Manila to present old map to assert Scarborough Shoal claim

Manila to present old map to assert Scarborough Shoal claim

  • CNA
  • 2015-06-09
  • 11:49 (GMT+8)

The map by Murillo Velarde. (Internet photo)

The map by Murillo Velarde. (Internet photo)

The Philippine government will submit to the United Nations Tribunal on the Law of the Sea in The Hague this week an almost 300-year-old map of the Philippines showing the disputed Scarborough Shoal as part of Philippine territory, a local media has reported.

VERA Files said Philippine businessman Mel Velarde bought the map for £170,500 (US$260,000) at a Sotheby’s London auction in November 2014.

The report noted that Jesuit priest Pedro Murillo Velarde published the map in Manila in 1734, which counters the so-called nine-dash-line China has been using as proof of its claim over the South China Sea.

The old map, 112 cm long and 120 cm wide, locates Scarborough shoal, then known as “Panacot,” also called “Panatag” by Filipinos, off the shores of Luzon, then known as “Nueva Castilla.” China refers to it as Huangyan Island.
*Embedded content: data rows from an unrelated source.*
(* Consider $n$ agents with private types $t_i\in[0,\infty)$ whose valuations are $v_i(t_i,S)=t_i\cdot|S|$ for every winning set $S\subseteq[n]$ (including sets with $i\notin S$). Then for every fixed $k\ge1$ there is no universally truthful mechanism that is competitive with respect to $\mathcal{F}^{(k)}$: for every constant $L\ge1$ there exists $n\ge k$ such that no universally truthful mechanism on $n$ such agents has expected revenue at least $\mathcal{F}^{(k)}(t)/L$ for all $t\in[0,\infty)^n$, where $\mathcal{F}^{(k)}(t)=\max\{c|S| : c\ge0,\ S\subseteq[n],\ |S|\ge k,\ v_i(t_i,S)\ge c\ \forall i\in S\}$.
   Context: A deterministic mechanism maps reported types to a winning set $S$ and prices $p_i$ charged only to $i\in S$; agent $i$'s utility is $v_i(t_i,S)-p_i$ if $i\in S$ and $v_i(t_i,S)$ if $i\notin S$; revenue is $\sum_{i\in S}p_i$. It is truthful if reporting the true type maximizes every agent's utility for all fixed reports of the others, and individually rational if each winner's payment does not exceed its value $v_i(t_i,S)$ under truthful reporting. A universally truthful mechanism is a probability distribution over deterministic truthful, individually rational mechanisms. *)

theory Defs
  imports "HOL-Probability.Probability"
begin

text \<open>Agents are 0,...,n-1. A type profile is a function nat => real; a valid
  profile for n agents has nonnegative entries at agents i < n and is 0 elsewhere.\<close>

type_synonym profile = "nat \<Rightarrow> real"
type_synonym outcome = "nat set \<times> (nat \<Rightarrow> real)"
type_synonym mechanism = "profile \<Rightarrow> outcome"

definition valid_profile :: "nat \<Rightarrow> profile \<Rightarrow> bool" where
  "valid_profile n t \<longleftrightarrow> (\<forall>i<n. 0 \<le> t i) \<and> (\<forall>i\<ge>n. t i = 0)"

definition val :: "real \<Rightarrow> nat set \<Rightarrow> real" where
  "val ti S = ti * real (card S)"

definition utility :: "nat \<Rightarrow> real \<Rightarrow> outcome \<Rightarrow> real" where
  "utility i ti oc = (if i \<in> fst oc then val ti (fst oc) - snd oc i else val ti (fst oc))"

definition revenue :: "outcome \<Rightarrow> real" where
  "revenue oc = (\<Sum>i\<in>fst oc. snd oc i)"

definition det_mechanism :: "nat \<Rightarrow> mechanism \<Rightarrow> bool" where
  "det_mechanism n m \<longleftrightarrow> (\<forall>t. valid_profile n t \<longrightarrow> fst (m t) \<subseteq> {..<n})"

definition truthful :: "nat \<Rightarrow> mechanism \<Rightarrow> bool" where
  "truthful n m \<longleftrightarrow> (\<forall>t i x. valid_profile n t \<longrightarrow> i < n \<longrightarrow> 0 \<le> x \<longrightarrow>
      utility i (t i) (m (t(i := x))) \<le> utility i (t i) (m t))"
Velarde said that he was bidding through the telephone and when the bidding price came to £80,000 (US$120,000), he was wondering whether to continue to bid, but then he realized it could be used as a evidence in international arbitration.

Reports said Velarde will personally present it to President Benigno Aquino III on June 12, the anniversary of the Philippines’ independence in 1946.

In April 2012, Philippine and Chinese ships became locked in a monthlong standoff near Scarborough Shoal, and after the withdrawal of the Philippine vessels, China seized control of the disputed atoll.

In January 2013, Manila submitted the dispute for international arbitration. In February 2014, it submitted a nearly 4,000-page petition and related evidence. Beijing refused to take part in the arbitration procedure.

The Philippines expects the results of the arbitration to appear in the first half of the 2016.

Several countries, including Taiwan, China, the Philippines, Malaysia, Brunei and Vietnam, claim part or the whole of the South China Sea.